▶ _Work required_: Look through the data below for the line with "using mult_power_diff_antimono[of a" and the line with "by (simp add: vec_eq_iff", then output those two and all lines in between, exactly as written.

Given information below:

(* Let $I\subset\mathbb R$ be an open interval, $r:I\to\mathbb R$ a smooth positive function with $(r')^2\neq1$ on $I$, $C\neq0$ a constant, $\eta\in\{1,-1\}$, and fix a sign $\pm$. Assume $$R(u):=(r r''+(r')^2-1)^2\pm 4C^2r^2\,((r')^2-1)>0\quad\text{on } I,$$ and let $\varphi:I\to\mathbb R$ be any function with $\displaystyle\varphi'=\eta\,\frac{\sqrt{R}}{r\,((r')^2-1)}$. Case (A): if $(r')^2>1$ on $I$, let $x_2,x_4$ satisfy $x_2'=\sqrt{(r')^2-1}\,\sinh\varphi$, $x_4'=\sqrt{(r')^2-1}\,\cosh\varphi$. Case (B): if $(r')^2<1$ on $I$, let $x_2,x_4$ satisfy $x_2'=\sqrt{1-(r')^2}\,\cosh\varphi$, $x_4'=\sqrt{1-(r')^2}\,\sinh\varphi$. In either case the curve $c(u)=(r(u),x_2(u),0,x_4(u))$ is a spacelike curve parameterized by arc-length with $x_2'x_4''-x_2''x_4'\neq0$ on $I$, and the rotational surface of hyperbolic type $z(u,v)=(r(u)\cosh v,\,x_2(u),\,r(u)\sinh v,\,x_4(u))$, $v\in\mathbb R$, is a Lorentz surface in $\mathbb E^4_2$ with constant mean curvature ($\langle H,H\rangle=\pm C^2$, a nonzero constant). Conversely, let $z(u,v)=(r(u)\cosh v,x_2(u),r(u)\sinh v,x_4(u))$, $u\in J$, be a rotational surface of hyperbolic type whose generating curve $(r,x_2,0,x_4)$ is spacelike and parameterized by arc-length ($(r')^2+(x_2')^2-(x_4')^2=1$), with $r>0$ and $(r')^2\neq1$, and suppose $x_2'x_4''-x_2''x_4'\neq0$ on an open interval $I\subset J$ and $\langle H,H\rangle$ is a nonzero constant on $I$. Then, locally on $I$, the curve is obtained from $r$ by the construction of Case (A) or Case (B) above for some $C\neq0$, sign $\pm$, $\eta\in\{\pm1\}$ and suitable constants of integration.
   Context: $\mathbb E^4_2$ is $\mathbb R^4$ with the neutral metric $\langle\cdot,\cdot\rangle$ given by $g_0=dx_1^2+dx_2^2-dx_3^2-dx_4^2$. A vector $v$ is spacelike if $\langle v,v\rangle>0$. A surface in $\mathbb E^4_2$ is Lorentz if its induced metric has signature $(1,1)$. The mean curvature vector is $H=\frac12\operatorname{tr}\sigma$, where $\sigma$ is the second fundamental form; the surface has constant mean curvature if $\langle H,H\rangle$ is a nonzero constant. A rotational surface of hyperbolic type is $z(u,v)=(r(u)\cosh v,x_2(u),r(u)\sinh v,x_4(u))$, obtained by hyperbolic rotation of the curve $(r(u),x_2(u),0,x_4(u))$, $r>0$, about the Lorentz plane spanned by $e_2=(0,1,0,0)$ and $e_4=(0,0,0,1)$.
   Formalization: In the converse, $x_4'$ in Case (A) and $x_2'$ in Case (B) equal epsilon times the stated cosh expression for some sign epsilon in {1,-1}, rather than the expression itself. The statement above fails without it. *)

theory Defs
  imports "HOL-Analysis.Analysis"
begin

definition ip42 :: "real^4 \<Rightarrow> real^4 \<Rightarrow> real" where
  "ip42 x y = x$1 * y$1 + x$2 * y$2 - x$3 * y$3 - x$4 * y$4"

definition spacelike :: "real^4 \<Rightarrow> bool" where
  "spacelike w \<longleftrightarrow> ip42 w w > 0"

definition smooth_real_on :: "real set \<Rightarrow> (real \<Rightarrow> real) \<Rightarrow> bool" where
  "smooth_real_on S f \<longleftrightarrow> (\<forall>n. \<forall>x\<in>S. ((deriv ^^ n) f) differentiable (at x))"

definition pu :: "(real \<Rightarrow> real \<Rightarrow> real^4) \<Rightarrow> real \<Rightarrow> real \<Rightarrow> real^4" where
  "pu z u v = vector_derivative (\<lambda>s. z s v) (at u)"
definition pv :: "(real \<Rightarrow> real \<Rightarrow> real^4) \<Rightarrow> real \<Rightarrow> real \<Rightarrow> real^4" where
  "pv z u v = vector_derivative (\<lambda>t. z u t) (at v)"
definition puu :: "(real \<Rightarrow> real \<Rightarrow> real^4) \<Rightarrow> real \<Rightarrow> real \<Rightarrow> real^4" where
  "puu z u v = vector_derivative (\<lambda>s. pu z s v) (at u)"
definition puv :: "(real \<Rightarrow> real \<Rightarrow> real^4) \<Rightarrow> real \<Rightarrow> real \<Rightarrow> real^4" where
  "puv z u v = vector_derivative (\<lambda>t. pu z u t) (at v)"
definition pvv :: "(real \<Rightarrow> real \<Rightarrow> real^4) \<Rightarrow> real \<Rightarrow> real \<Rightarrow> real^4" where
  "pvv z u v = vector_derivative (\<lambda>t. pv z u t) (at v)"

definition metE where "metE z u v = ip42 (pu z u v) (pu z u v)"
definition metF where "metF z u v = ip42 (pu z u v) (pv z u v)"
definition metG where "metG z u v = ip42 (pv z u v) (pv z u v)"

text \<open>The induced (2x2 symmetric) metric has signature (1,1) iff its determinant is negative.\<close>
definition lorentz_at :: "(real \<Rightarrow> real \<Rightarrow> real^4) \<Rightarrow> real \<Rightarrow> real \<Rightarrow> bool" where
  "lorentz_at z u v \<longleftrightarrow> metE z u v * metG z u v - (metF z u v)^2 < 0"

text \<open>Normal component of w with respect to the tangent plane spanned by a, b
  (orthogonal projection w.r.t. the neutral metric).\<close>
definition normal_part :: "real^4 \<Rightarrow> real^4 \<Rightarrow> real^4 \<Rightarrow> real^4" where
  "normal_part a b w =
     (let E = ip42 a a; F = ip42 a b; G = ip42 b b; D = E * G - F^2;
          p = ip42 w a; q = ip42 w b
      in w - (((G * p - F * q) / D) *\<^sub>R a + ((E * q - F * p) / D) *\<^sub>R b))"
text \<open>The function \<open>s \<mapsto> s (T - s)\<^sup>m\<close> decreases beyond its maximum at \<open>s = T/(m + 1)\<close>.\<close>

lemma mult_power_diff_antimono:
  fixes a s T :: real
  assumes "0 \<le> a" "a \<le> s" "s \<le> T" "T \<le> (real m + 1) * a"
  shows "s * ((T - s) / m) ^ m \<le> a * ((T - a) / m) ^ m"
proof -
  have "s * (T - s) ^ m \<le> a * (T - a) ^ m"
  proof (cases "T = a")
    case True
    then show ?thesis
      using assms by simp
  next
    case False
    define c where "c = T - a"
    define x where "x = (s - a) / c"
    have c: "c > 0" "c \<le> real m * a"
      using assms False by (auto simp: c_def algebra_simps)
    have x: "0 \<le> x" "x \<le> 1"
      using assms c by (auto simp: x_def c_def)
    have "T - s = c * (1 - x)" and s: "s = a + c * x"
      using c by (simp_all add: x_def c_def field_simps)
    then have "s * (T - s) ^ m = c ^ m * (s * (1 - x) ^ m)"
      by (simp add: power_mult_distrib)
    also have "\<dots> \<le> c ^ m * (a * ((1 - x) ^ m * (1 + real m * x)))"
    proof (intro mult_left_mono)
      have "s \<le> a * (1 + real m * x)"
        using mult_right_mono[OF c(2) x(1)] unfolding s by (simp add: algebra_simps)
      then have "s * (1 - x) ^ m \<le> a * (1 + real m * x) * (1 - x) ^ m"
        using x by (intro mult_right_mono) simp_all
      then show "s * (1 - x) ^ m \<le> a * ((1 - x) ^ m * (1 + real m * x))"
        by (simp add: algebra_simps)
    qed (use c in simp)
    also have "\<dots> \<le> c ^ m * a"
      using power_one_minus_mult_le_one[OF x, of m] c assms(1)
      by (intro mult_left_mono) (auto intro: mult_left_le)
    finally show ?thesis
      by (simp add: c_def mult.commute)
  qed
  then have "s * (T - s) ^ m / real m ^ m \<le> a * (T - a) ^ m / real m ^ m"
    by (simp add: divide_right_mono)
  then show ?thesis
    by (simp add: power_divide)
qed

lemma prod_le_mean_power:
  fixes t :: "'a \<Rightarrow> real"
  assumes "finite J" "J \<noteq> {}" "\<And>j. j \<in> J \<Longrightarrow> t j \<ge> 0"
  shows "(\<Prod>j\<in>J. t j) \<le> ((\<Sum>j\<in>J. t j) / card J) ^ card J"
proof -
  have J: "card J > 0"
    using assms by (simp add: card_gt_0_iff)
  have "(\<Prod>j\<in>J. t j) = ((\<Prod>j\<in>J. t j) powr (1 / card J)) ^ card J"
  proof (cases "(\<Prod>j\<in>J. t j) = 0")
    case True
    then show ?thesis
      using J by simp
  next
    case False
    then show ?thesis
      using J assms(3) by (simp add: powr_power prod_nonneg)
  qed
  also have "\<dots> \<le> ((\<Sum>j\<in>J. t j) / card J) ^ card J"
    using arith_geom_mean[OF assms] by (intro power_mono) (simp_all add: sum_divide_distrib)
  finally show ?thesis .
qed

lemma prod_le_large_member_mult_mean_power:
  fixes t :: "'a::finite \<Rightarrow> real"
  assumes "CARD('a) \<ge> 2" "\<And>j. t j \<ge> 0" "0 \<le> a" "a \<le> t k"
    and "(\<Sum>j\<in>UNIV. t j) \<le> real CARD('a) * a"
  shows "(\<Prod>j\<in>UNIV. t j)
    \<le> a * (((\<Sum>j\<in>UNIV. t j) - a) / (real CARD('a) - 1)) ^ (CARD('a) - 1)"
proof -
  define J where "J = UNIV - {k}"
  define T where "T = (\<Sum>j\<in>UNIV. t j)"
  have J_card: "card J = CARD('a) - 1"
    by (simp add: J_def card_Diff_singleton)
  have J_ne: "J \<noteq> {}"
    using J_card assms(1) by auto
  have "(\<Prod>j\<in>UNIV. t j) = t k * (\<Prod>j\<in>J. t j)"
    by (simp add: J_def prod.remove)
  also have "\<dots> \<le> t k * ((\<Sum>j\<in>J. t j) / card J) ^ card J"
    using assms(2) J_ne by (intro mult_left_mono prod_le_mean_power) auto
  also have "\<dots> = t k * ((T - t k) / (real CARD('a) - 1)) ^ (CARD('a) - 1)"
    using J_card assms(1) by (simp add: J_def T_def sum.remove[of UNIV k t])
  also have "\<dots> \<le> a * ((T - a) / (real CARD('a) - 1)) ^ (CARD('a) - 1)"
  proof -
    have "t k \<le> T"
      unfolding T_def using assms(2) by (intro member_le_sum) auto
    then show ?thesis
      using mult_power_diff_antimono[of a "t k" T "CARD('a) - 1"] assms
      by (simp add: T_def)
  qed
  finally show ?thesis
    by (simp add: T_def)
qed

lemma exists_orthogonal_matrix_constant_column:
  obtains Q :: "real^'n^'n" and k where "orthogonal_matrix Q"
    "column k Q = (\<chi> i. 1 / sqrt (real CARD('n)))"
proof -
  define v :: "real^'n" where "v = (\<chi> i. 1 / sqrt (real CARD('n)))"
  have "(norm v)\<^sup>2 = 1"
    by (simp add: norm_power2_vec_eq_sum v_def power_divide)
  then have "norm v = 1"
    using norm_ge_zero[of v] by (auto simp: power2_eq_1_iff)
  then obtain Q k where "orthogonal_matrix Q" "Q *v axis k 1 = v"
    using orthogonal_matrix_exists_basis by metis
  then show ?thesis
    using that by (simp add: matrix_vector_mult_basis v_def)
qed

lemma det_power2_le_entry_moments:
  fixes M :: "real^'n^'n"
  defines "n \<equiv> real CARD('n)"
    and "S \<equiv> \<Sum>i\<in>UNIV. \<Sum>j\<in>UNIV. M $ i $ j"
    and "T \<equiv> \<Sum>i\<in>UNIV. \<Sum>j\<in>UNIV. (M $ i $ j)\<^sup>2"
  assumes "CARD('n) \<ge> 2" and "T \<le> n * (S / n)\<^sup>2"
  shows "(det M)\<^sup>2 \<le> (S / n)\<^sup>2 * ((T - (S / n)\<^sup>2) / (n - 1)) ^ (CARD('n) - 1)"
proof -
  obtain Q :: "real^'n^'n" and k where Q: "orthogonal_matrix Q" and
    v: "column k Q = (\<chi> i. 1 / sqrt n)"
    using exists_orthogonal_matrix_constant_column unfolding n_def by metis
  define t where "t j = (norm (column j (M ** Q)))\<^sup>2" for j
  have "(det M)\<^sup>2 = (det (transpose (M ** Q)))\<^sup>2"
    using det_orthogonal_matrix[OF Q] by (auto simp: det_mul power2_eq_square)
  also have "\<dots> \<le> (\<Prod>j\<in>UNIV. t j)"
    using hadamard_inequality[of "transpose (M ** Q)"] by (simp add: t_def)
  finally have det_le: "(det M)\<^sup>2 \<le> (\<Prod>j\<in>UNIV. t j)" .
  have sum_t: "(\<Sum>j\<in>UNIV. t j) = T"
    unfolding t_def T_def sum_norm_column_power2 using Q by (rule sum_entries_power2_mult_orthogonal)
  have "column k (M ** Q) = M *v column k Q"
    by (simp add: vec_eq_iff column_def matrix_matrix_mult_def matrix_vector_mult_def)
  moreover have "column k Q \<bullet> (M *v column k Q) = S / n"
    using assms(4) by (simp add: v n_def S_def inner_vec_def matrix_vector_mult_def
        sum_distrib_left sum_divide_distrib mult_ac power2_eq_square[symmetric])
  moreover have "norm (column k Q) = 1"
    using Q by (simp add: orthogonal_matrix_orthonormal_columns)
  ultimately have "\<bar>S / n\<bar> \<le> norm (column k (M ** Q))"
    using Cauchy_Schwarz_ineq2[of "column k Q" "M *v column k Q"] by simp
  then have "(S / n)\<^sup>2 \<le> t k"
    unfolding t_def by (metis abs_le_square_iff abs_norm_cancel)
  moreover have "t j \<ge> 0" for j
    by (simp add: t_def)
  ultimately have "(\<Prod>j\<in>UNIV. t j) \<le> (S / n)\<^sup>2 * ((T - (S / n)\<^sup>2) / (n - 1)) ^ (CARD('n) - 1)"
    using prod_le_large_member_mult_mean_power[of t "(S / n)\<^sup>2" k] assms(4,5)
    by (simp add: sum_t n_def)
  then show ?thesis
    using det_le by linarith
qed

lemma abs_det_le_mean_variance:
  fixes M :: "real^'n^'n" and \<mu> \<sigma>2 :: real
  defines "n \<equiv> real CARD('n)"
  assumes "CARD('n) \<ge> 2" "0 \<le> \<mu>" "0 \<le> \<sigma>2" "\<sigma>2 \<le> (n - 1) * \<mu>\<^sup>2"
    and sum: "(\<Sum>i\<in>UNIV. \<Sum>j\<in>UNIV. M $ i $ j) = n\<^sup>2 * \<mu>"
    and sum_power2: "(\<Sum>i\<in>UNIV. \<Sum>j\<in>UNIV. (M $ i $ j)\<^sup>2) = n\<^sup>2 * (\<mu>\<^sup>2 + \<sigma>2)"
  shows "\<bar>det M\<bar> \<le> n ^ CARD('n) * \<mu> * (\<sigma>2 / (n - 1)) powr ((n - 1) / 2)"
proof -
  define X where "X = \<sigma>2 / (n - 1)"
  define m where "m = CARD('n) - 1"
  have m: "CARD('n) = Suc m" "m \<noteq> 0"
    using assms(2) by (simp_all add: m_def)
  have n: "n = real m + 1" "n \<ge> 2"
    using m assms(2) by (simp_all add: n_def)
  have mean: "n\<^sup>2 * \<mu> / n = n * \<mu>"
    using n by (simp add: power2_eq_square)
  have "n\<^sup>2 * (\<mu>\<^sup>2 + \<sigma>2) \<le> n\<^sup>2 * (\<mu>\<^sup>2 + (n - 1) * \<mu>\<^sup>2)"
    using assms(5) by (intro mult_left_mono) simp_all
  also have "\<dots> = n * (n * \<mu>)\<^sup>2"
    by (simp add: power2_eq_square algebra_simps)
  finally have "n\<^sup>2 * (\<mu>\<^sup>2 + \<sigma>2) \<le> n * (n * \<mu>)\<^sup>2" .
  then have "(det M)\<^sup>2 \<le> (n * \<mu>)\<^sup>2 * ((n\<^sup>2 * (\<mu>\<^sup>2 + \<sigma>2) - (n * \<mu>)\<^sup>2) / (n - 1)) ^ m"
    unfolding m_def
    by (rule det_power2_le_entry_moments[OF assms(2), of M, folded n_def, unfolded sum sum_power2 mean])
  also have "(n\<^sup>2 * (\<mu>\<^sup>2 + \<sigma>2) - (n * \<mu>)\<^sup>2) / (n - 1) = n\<^sup>2 * X"
    by (simp add: X_def algebra_simps)
  also have "(n * \<mu>)\<^sup>2 * (n\<^sup>2 * X) ^ m = (n ^ CARD('n) * \<mu>)\<^sup>2 * X ^ m"
    unfolding m(1) by (simp add: power_mult_distrib power_mult[symmetric] mult_ac)
  finally have "\<bar>det M\<bar> \<le> sqrt ((n ^ CARD('n) * \<mu>)\<^sup>2 * X ^ m)"
    using real_sqrt_le_mono by fastforce
  also have "\<dots> = n ^ CARD('n) * \<mu> * sqrt (X ^ m)"
    using assms(3) n by (simp add: real_sqrt_mult)
  also have "sqrt (X ^ m) = X powr ((n - 1) / 2)"
    using assms(4) n m(2) by (simp add: X_def powr_half_sqrt_powr powr_realpow')
  finally show ?thesis
    by (simp add: X_def)
qed

lemma sum_entries_eq_of_value_counts:
  fixes M :: "real^'m^'n" and x :: "'b \<Rightarrow> real" and f :: "real \<Rightarrow> real"
  assumes "inj_on x K" "card K * c = CARD('n) * CARD('m)"
    and "\<And>k. k \<in> K \<Longrightarrow> card {(i, j). M $ i $ j = x k} = c"
  shows "(\<Sum>i\<in>UNIV. \<Sum>j\<in>UNIV. f (M $ i $ j)) = real c * (\<Sum>k\<in>K. f (x k))"
proof -
  define E where "E k = {(i, j). M $ i $ j = x k}" for k
  have K: "finite K"
    using assms(2) card.infinite by fastforce
  have disjoint: "\<forall>k\<in>K. \<forall>l\<in>K. k \<noteq> l \<longrightarrow> E k \<inter> E l = {}"
    using assms(1) by (auto simp: E_def inj_on_def)
  have "card (\<Union>k\<in>K. E k) = card K * c"
    using card_UN_disjoint[OF K _ disjoint] assms(3) by (simp add: E_def)
  also have "\<dots> = card (UNIV :: ('n \<times> 'm) set)"
    using assms(2) by (simp add: card_cartesian_product flip: UNIV_Times_UNIV)
  finally have UNIV_eq: "UNIV = (\<Union>k\<in>K. E k)"
    by (intro card_subset_eq[symmetric]) auto
  have "(\<Sum>i\<in>UNIV. \<Sum>j\<in>UNIV. f (M $ i $ j)) = (\<Sum>(i, j)\<in>UNIV. f (M $ i $ j))"
    by (simp add: sum.cartesian_product flip: UNIV_Times_UNIV)
  also have "\<dots> = (\<Sum>k\<in>K. \<Sum>(i, j)\<in>E k. f (M $ i $ j))"
    unfolding UNIV_eq using disjoint by (intro sum.UNION_disjoint[OF K]) auto
  also have "\<dots> = (\<Sum>k\<in>K. \<Sum>p\<in>E k. f (x k))"
    by (intro sum.cong) (auto simp: E_def)
  also have "\<dots> = (\<Sum>k\<in>K. real c * f (x k))"
    using assms(3) by (simp add: E_def)
  finally show ?thesis
    by (simp add: sum_distrib_left)
qed

lemma sum_consecutive:
  "(\<Sum>k<N. real a + real k) = real N * (real a + (real N - 1) / 2)"
  by (induction N) (simp_all add: field_simps)

lemma sum_power2_consecutive:
  "(\<Sum>k<N. (real a + real k)\<^sup>2)
    = real N * ((real a + (real N - 1) / 2)\<^sup>2 + ((real N)\<^sup>2 - 1) / 12)"
  by (induction N) (simp_all add: field_simps power2_eq_square)

lemma abs_det_le_consecutive_values:
  fixes M :: "real^'n^'n" and a :: nat
  defines "n \<equiv> real CARD('n)"
  assumes "CARD('n) \<ge> 2"
    and "\<And>k. k < CARD('n) \<Longrightarrow> card {(i, j). M $ i $ j = real (a + k)} = CARD('n)"
  shows "\<bar>det M\<bar> \<le> n ^ CARD('n) * (real a + (n - 1) / 2) * ((n + 1) / 12) powr ((n - 1) / 2)"
proof -
  define \<mu> where "\<mu> = real a + (n - 1) / 2"
  define \<sigma>2 where "\<sigma>2 = (n\<^sup>2 - 1) / 12"
  have n: "n \<ge> 2"
    using assms(2) by (simp add: n_def)
  have counts: "(\<Sum>i\<in>UNIV. \<Sum>j\<in>UNIV. f (M $ i $ j)) = n * (\<Sum>k<CARD('n). f (real a + real k))"
    for f
    using sum_entries_eq_of_value_counts[of "\<lambda>k. real (a + k)" "{..<CARD('n)}" "CARD('n)" M f] assms(3)
    by (simp add: inj_on_def n_def)
  have sum: "(\<Sum>i\<in>UNIV. \<Sum>j\<in>UNIV. M $ i $ j) = n\<^sup>2 * \<mu>"
    using counts[of "\<lambda>y. y"] by (simp add: sum_consecutive \<mu>_def n_def power2_eq_square)
  have sum_power2: "(\<Sum>i\<in>UNIV. \<Sum>j\<in>UNIV. (M $ i $ j)\<^sup>2) = n\<^sup>2 * (\<mu>\<^sup>2 + \<sigma>2)"
    using counts[of "\<lambda>y. y\<^sup>2"] sum_power2_consecutive[where N = "CARD('n)"]
    by (simp add: \<mu>_def \<sigma>2_def n_def power2_eq_square)
  have "0 \<le> (n - 1) * (3 * n - 1) * (n - 2)"
    using n by simp
  then have "\<sigma>2 \<le> (n - 1) * ((n - 1) / 2)\<^sup>2"
    by (simp add: \<sigma>2_def power2_eq_square field_simps)
  also have "\<dots> \<le> (n - 1) * \<mu>\<^sup>2"
    using n by (intro mult_left_mono power_mono) (simp_all add: \<mu>_def)
  finally have \<sigma>2_le: "\<sigma>2 \<le> (n - 1) * \<mu>\<^sup>2" .
  have "0 \<le> \<mu>" "0 \<le> \<sigma>2"
    using n by (simp_all add: \<mu>_def \<sigma>2_def)
  then have "\<bar>det M\<bar> \<le> n ^ CARD('n) * \<mu> * (\<sigma>2 / (n - 1)) powr ((n - 1) / 2)"
    unfolding n_def
    by (rule abs_det_le_mean_variance[OF assms(2) _ _ \<sigma>2_le[unfolded n_def]
          sum[unfolded n_def] sum_power2[unfolded n_def]])
  moreover have "\<sigma>2 / (n - 1) = (n + 1) / 12"
    using n by (simp add: \<sigma>2_def power2_eq_square field_simps)
  ultimately show ?thesis
    by (simp only: \<mu>_def)
qed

End of Given information.

▶ _Solution_:
      using mult_power_diff_antimono[of a "t k" T "CARD('a) - 1"] assms
      by (simp add: T_def)
  qed
  finally show ?thesis
    by (simp add: T_def)
qed

lemma exists_orthogonal_matrix_constant_column:
  obtains Q :: "real^'n^'n" and k where "orthogonal_matrix Q"
    "column k Q = (\<chi> i. 1 / sqrt (real CARD('n)))"
proof -
  define v :: "real^'n" where "v = (\<chi> i. 1 / sqrt (real CARD('n)))"
  have "(norm v)\<^sup>2 = 1"
    by (simp add: norm_power2_vec_eq_sum v_def power_divide)
  then have "norm v = 1"
    using norm_ge_zero[of v] by (auto simp: power2_eq_1_iff)
  then obtain Q k where "orthogonal_matrix Q" "Q *v axis k 1 = v"
    using orthogonal_matrix_exists_basis by metis
  then show ?thesis
    using that by (simp add: matrix_vector_mult_basis v_def)
qed

lemma det_power2_le_entry_moments:
  fixes M :: "real^'n^'n"
  defines "n \<equiv> real CARD('n)"
    and "S \<equiv> \<Sum>i\<in>UNIV. \<Sum>j\<in>UNIV. M $ i $ j"
    and "T \<equiv> \<Sum>i\<in>UNIV. \<Sum>j\<in>UNIV. (M $ i $ j)\<^sup>2"
  assumes "CARD('n) \<ge> 2" and "T \<le> n * (S / n)\<^sup>2"
  shows "(det M)\<^sup>2 \<le> (S / n)\<^sup>2 * ((T - (S / n)\<^sup>2) / (n - 1)) ^ (CARD('n) - 1)"
proof -
  obtain Q :: "real^'n^'n" and k where Q: "orthogonal_matrix Q" and
    v: "column k Q = (\<chi> i. 1 / sqrt n)"
    using exists_orthogonal_matrix_constant_column unfolding n_def by metis
  define t where "t j = (norm (column j (M ** Q)))\<^sup>2" for j
  have "(det M)\<^sup>2 = (det (transpose (M ** Q)))\<^sup>2"
    using det_orthogonal_matrix[OF Q] by (auto simp: det_mul power2_eq_square)
  also have "\<dots> \<le> (\<Prod>j\<in>UNIV. t j)"
    using hadamard_inequality[of "transpose (M ** Q)"] by (simp add: t_def)
  finally have det_le: "(det M)\<^sup>2 \<le> (\<Prod>j\<in>UNIV. t j)" .
  have sum_t: "(\<Sum>j\<in>UNIV. t j) = T"
    unfolding t_def T_def sum_norm_column_power2 using Q by (rule sum_entries_power2_mult_orthogonal)
  have "column k (M ** Q) = M *v column k Q"
    by (simp add: vec_eq_iff column_def matrix_matrix_mult_def matrix_vector_mult_def)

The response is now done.